- Task description -
Look at each line of the listing. Copy those that hold the string "dots".

-------- Excerpted data

text \<open>Two factors x_a x_b of the monomial part are traded for a pair, via
  x_a x_b D = x_a^2 D - x_a (x_a - x_b) D.\<close>
lemma D_poly_in_ideal_if_minimal:
  assumes J: "J_gens n \<subseteq> T"
    and minimal: "\<And>M ps. D_admissible n M ps \<Longrightarrow> card M = r mod 2 \<Longrightarrow> length ps = r div 2 \<Longrightarrow>
      D_poly M ps \<in> ideal_gen n T"
    and adm: "D_admissible n M ps" and r: "r \<le> card M + 2 * length ps"
  shows "D_poly M ps \<in> (ideal_gen n T :: 'k::comm_ring_1 mpoly set)"
  using adm r
proof (induction "card M" arbitrary: M ps rule: less_induct)
  case less
  note adm' = D_admissibleD[OF less.prems(1)]
  show ?case
  proof (cases "r div 2 \<le> length ps")
    case True
    then show ?thesis using D_poly_in_ideal_if_minimal_pairs[OF minimal less.prems] by blast
  next
    case False
    then have "2 \<le> card M" using less.prems(2) by linarith
    then obtain a b where ab: "a \<in> M" "b \<in> M" "a \<noteq> b"
      using card_le_Suc0_iff_eq[OF adm'(1)] by (metis One_nat_def not_less_eq_eq numeral_2_eq_2)
    define M' where "M' = M - {a, b}"
    have card_M': "card M' = card M - 2" using ab adm'(1) by (simp add: M'_def card_Diff_subset)
    have adm_M': "D_admissible n M' ps" "D_admissible n M' ((a, b) # ps)"
      using adm' ab unfolding D_admissible_def M'_def by auto
    have a: "a \<in> {1..n}" using ab adm' by auto
    have "D_poly M' ((a, b) # ps) \<in> (ideal_gen n T :: 'k mpoly set)"
      using less.hyps[of M'] adm_M'(2) card_M' less.prems(2) \<open>2 \<le> card M\<close> by simp
    moreover have "D_poly M' ps * var a ^ 2 \<in> (ideal_gen n T :: 'k mpoly set)"
      using mult_var_square_in_J_ideal[OF a D_poly_polyR[OF adm_M'(1)]] ideal_gen_mono[OF J, of n n]
      by (auto simp: J_ideal_def)
    moreover have "(D_poly M ps :: 'k mpoly) = D_poly M' ps * var a ^ 2 - var a * D_poly M' ((a, b) # ps)"
    proof -
      have "M = insert a (insert b M')" "a \<notin> insert b M'" "b \<notin> M'" "finite M'"
        using ab adm'(1) by (auto simp: M'_def)
      then have prod_M: "(\<Prod>m\<in>M. var m :: 'k mpoly) = var a * var b * (\<Prod>m\<in>M'. var m)"
        by (simp add: mult.assoc)
      show ?thesis unfolding D_poly_def pair_diff_prod_simps(2) prod_M
        by (simp add: algebra_simps power2_eq_square)
    qed
    ultimately show ?thesis using a by (simp add: ideal_gen_diff ideal_gen_mult)
  qed
qed

lemma D_ideal_eq_orbit_ideal:
  assumes r: "1 \<le> r" "r \<le> n"
  shows "D_ideal n (n + 1 - r) = ideal_gen n (J_gens n \<union> Sn_orbit n (std_gen r :: 'k::comm_ring_1 mpoly))"
    (is "_ = ideal_gen n ?T")
proof
  show "D_ideal n (n + 1 - r) \<subseteq> ideal_gen n ?T"
    unfolding D_ideal_def
  proof (rule ideal_gen_subset)
    have "D_poly M ps \<in> ideal_gen n ?T"
      if adm: "D_admissible n M ps" and cnt: "n < card M + 2 * length ps + (n + 1 - r)" for M ps
    proof (rule D_poly_in_ideal_if_minimal[OF _ _ adm])
      show "r \<le> card M + 2 * length ps" using cnt r by linarith
      fix M' ps' assume "D_admissible n M' ps'" "card M' = r mod 2" "length ps' = r div 2"
      then have "D_poly M' ps' \<in> Sn_orbit n (std_gen r)" by (rule D_poly_in_orbit[OF r])
      then show "D_poly M' ps' \<in> ideal_gen n ?T" by (blast intro: ideal_gen_base)
    qed blast
    moreover have "J_gens n \<subseteq> ideal_gen n ?T" by (blast intro: ideal_gen_base)
    ultimately show "J_gens n \<union> D_gens n (n + 1 - r) \<subseteq> ideal_gen n ?T"
      unfolding D_gens_def by blast
  qed
  show "ideal_gen n ?T \<subseteq> D_ideal n (n + 1 - r)"
    unfolding D_ideal_def
  proof (rule ideal_gen_subset)
    let ?M0 = "if odd r then {r} else {}"
    have "perm_act \<sigma> (std_gen r) \<in> (D_gens n (n + 1 - r) :: 'k mpoly set)" if \<sigma>: "\<sigma> permutes {1..n}" for \<sigma>
    proof -
      have "inj \<sigma>" using \<sigma> by (rule permutes_inj)
      then have "perm_act \<sigma> (std_gen r) = (D_poly (\<sigma> ` ?M0) (map_pairs \<sigma> (std_pairs (r div 2))) :: 'k mpoly)"
        by (simp add: std_gen_def perm_act_D_poly inj_on_def)
      moreover have "card (\<sigma> ` ?M0) = card ?M0"
        using \<open>inj \<sigma>\<close> by (simp add: card_image inj_on_def)
      moreover have "card ?M0 + 2 * (r div 2) = r" by simp
      moreover have "D_admissible n (\<sigma> ` ?M0) (map_pairs \<sigma> (std_pairs (r div 2)))"
        using D_admissible_permutes[OF D_admissible_std_gen[OF r] \<sigma>] .
      ultimately show ?thesis using r unfolding D_gens_def by force
    qed
    then have "Sn_orbit n (std_gen r) \<subseteq> (D_gens n (n + 1 - r) :: 'k mpoly set)"
      by (auto simp: Sn_orbit_def)
    then show "?T \<subseteq> ideal_gen n (J_gens n \<union> D_gens n (n + 1 - r))"
      by (blast intro: ideal_gen_base)
  qed
qed

lemma std_gen_even:
  "even r \<Longrightarrow> (std_gen r :: 'k::comm_ring_1 mpoly) = (\<Prod>i=1..r div 2. var (2*i - 1) - var (2*i))"
  by (simp add: std_gen_def D_poly_def pair_diff_prod_std_pairs)

lemma std_gen_odd:
  "odd r \<Longrightarrow> (std_gen r :: 'k::comm_ring_1 mpoly) = var r * (\<Prod>i=1..r div 2. var (2*i - 1) - var (2*i))"
  by (simp add: std_gen_def D_poly_def pair_diff_prod_std_pairs)

theorem mainTheorem6:
  fixes n d :: nat
  assumes "0 < d" and "d \<le> n"
  shows "(odd (n + d) \<longrightarrow>
           (colon_ideal n d :: 'k::field_char_0 mpoly set) =
           ideal_gen n (J_gens n \<union>
             Sn_orbit n (\<Prod>i=1..(n - d + 1) div 2. var (2*i - 1) - var (2*i))))
       \<and> (even (n + d) \<longrightarrow>
           (colon_ideal n d :: 'k::field_char_0 mpoly set) =
           ideal_gen n (J_gens n \<union>
             Sn_orbit n (var (n - d + 1) * (\<Prod>i=1..(n - d) div 2. var (2*i - 1) - var (2*i)))))"
proof -
  have r: "1 \<le> n - d + 1" "n - d + 1 \<le> n" and d: "n + 1 - (n - d + 1) = d"
    using assms by auto
  have "(colon_ideal n d :: 'k mpoly set) = D_ideal n d"
    by (rule colon_ideal_eq_D_ideal)
  also have "\<dots> = ideal_gen n (J_gens n \<union> Sn_orbit n (std_gen (n - d + 1)))"
    using D_ideal_eq_orbit_ideal[OF r] unfolding d .
  finally have colon: "(colon_ideal n d :: 'k mpoly set) = \<dots>" .
  have "(std_gen (n - d + 1) :: 'k mpoly) = (\<Prod>i=1..(n - d + 1) div 2. var (2*i - 1) - var (2*i))"
    if "odd (n + d)"
    using that assms by (intro std_gen_even) presburger
  moreover have "(std_gen (n - d + 1) :: 'k mpoly) = var (n - d + 1) * (\<Prod>i=1..(n - d) div 2. var (2*i - 1) - var (2*i))"
    if "even (n + d)"
  proof -
    have odd: "odd (n - d + 1)" and half: "(n - d + 1) div 2 = (n - d) div 2"
      using that assms by presburger+
    show ?thesis by (simp only: std_gen_odd[OF odd] half)
  qed
  ultimately show ?thesis using colon by auto
qed

end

----------------

- Your solution -
  also have "\<dots> = ideal_gen n (J_gens n \<union> Sn_orbit n (std_gen (n - d + 1)))"
  finally have colon: "(colon_ideal n d :: 'k mpoly set) = \<dots>" .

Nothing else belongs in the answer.